Description Boris Weissman 2005-10-07 15:18:15 UTC
Most recent kernel where this bug did not occur:
Distribution: all 2.6 based ones
Hardware Environment: i386 & x64
Software Environment:
Problem Description:

Steps to reproduce:

Verified that this is present in 2.6.13 (and all earlier 2.6 kernels
that I checked).

There is a simple initialization order bug: worqueues are initialized
too late. init/main.c:init() executes initializers in this order:
	smp_prepare_cpus(max_cpus);  <-- start APIC timer interrupts

	do_pre_smp_initcalls();

	fixup_cpu_present_map();
	smp_init();
	sched_init_smp();

	cpuset_init_smp();

	/*
	 * Do this before initcalls, because some drivers want to access
	 * firmware files.
	 */
	populate_rootfs();

	do_basic_setup();            <-- calls init_workqueues() - too late

The problem is that we have APIC timer interrupts enabled before
workqueues are initialized. This is bad because some timer interrupt
callbacks defer work via workqueues. For instance, con_init() schedules
a timer callback (well, in 10 minutes). This callback uses a workqueue:

    static void blank_screen_t(unsigned long dummy)
    {
	blank_timer_expired = 1;
	schedule_work(&console_work);   <<--- the culprit
    }

There may be other similar callbacks now or there will be some in the
future. Since workqueues are a mechanism to defer work, it is better to
have them initialized before timer (and other) interrupts are enabled.
workqueue is a simple data structure - it should be possible to move
init_workqueues() above smp_prepare_cpus() in init().
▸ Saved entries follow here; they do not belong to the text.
definition foundation :: "nat list \<Rightarrow> nat list \<Rightarrow> nat \<Rightarrow> diagram" where
  "foundation lam alpha k = shift (int (sum_list alpha), - int k) (ferrers lam)"

definition S_diag :: "nat list \<Rightarrow> nat list \<Rightarrow> nat \<Rightarrow> diagram" where
  "S_diag lam alpha k = delta alpha \<union> foundation lam alpha k"

definition semistandard :: "diagram \<Rightarrow> tableau \<Rightarrow> bool" where
  "semistandard D T \<longleftrightarrow>
     (\<forall>b\<in>D. 0 < T b) \<and>
     (\<forall>r c c'. (r, c) \<in> D \<longrightarrow> (r, c') \<in> D \<longrightarrow> c \<le> c' \<longrightarrow> T (r, c) \<le> T (r, c')) \<and>
     (\<forall>r r' c. (r, c) \<in> D \<longrightarrow> (r', c) \<in> D \<longrightarrow> r < r' \<longrightarrow> T (r, c) < T (r', c))"

definition reading_word :: "diagram \<Rightarrow> tableau \<Rightarrow> nat list" where
  "reading_word D T =
     concat (map (\<lambda>r. map (\<lambda>c. T (r, c)) (rev (sorted_list_of_set {c. (r, c) \<in> D})))
                 (sorted_list_of_set (fst ` D)))"

definition lattice_word :: "nat list \<Rightarrow> bool" where
  "lattice_word w \<longleftrightarrow>
     (\<forall>i \<le> length w. \<forall>j \<ge> 1. count_list (take i w) (j + 1) \<le> count_list (take i w) j)"

definition moved_tableau :: "nat list \<Rightarrow> nat list \<Rightarrow> nat \<Rightarrow> tableau \<Rightarrow> tableau" where
  "moved_tableau lam alpha k T = (\<lambda>(r, c).
     if (r, c) \<in> delta alpha then T (r, c)
     else (let d = dsum_offset (ferrers lam) (delta alpha)
           in T (r - int (sum_list alpha) + fst d, c + int k + snd d)))"

end

theory Submission
  imports Defs
begin

text \<open>Every box of Delta_alpha lies above every box of lambda, so Delta_alpha is read first, and the
  lattice condition forces its filling: the box (r, c) holds the number of boxes of column c
  at or above it. A second lattice argument, at the boxes of the first row of lambda, shows that
  the entry which the move places under column c of Delta_alpha exceeds the height of that
  column; this is where the bound on the number of 1s is needed, since it makes these entries
  at least 2. So columns stay strict across the seam, while rows are merely translated,
  which preserves weak increase along rows and the reading word.\<close>

lemma mem_shift_iff: "(r, c) \<in> shift (a, b) D \<longleftrightarrow> (r - a, c - b) \<in> D"
  by (force simp: shift_def)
We are actually hitting this bug in VMware. In our case, the screen 
blanking callback above is triggered before init_workqueues(). It is
triggered before its scheduled 10min timeout because of Bug 5366 that
might cause jiffies to jump forward into the future.
http://bugzilla.kernel.org/show_bug.cgi?id=5366

Filing under "Timers", but this might not be the most appopriate category.
Comment 1 Andrew Morton 2005-10-10 20:13:39 UTC
hm, I thought this came up before and we fixed it.  Oh well.

Please send a patch ;)
Comment 2 john stultz 2006-02-01 13:47:39 UTC
Does this bug still exist now that #5366 is closed?
Comment 3 john stultz 2006-07-10 11:38:50 UTC
Boris: This bug is a bit stale. Now that bug #5366 is closed, do you still see
the issue w/ 2.6.16+ ?
Comment 4 john stultz 2006-09-21 12:52:56 UTC
No response for awhile now. Closing.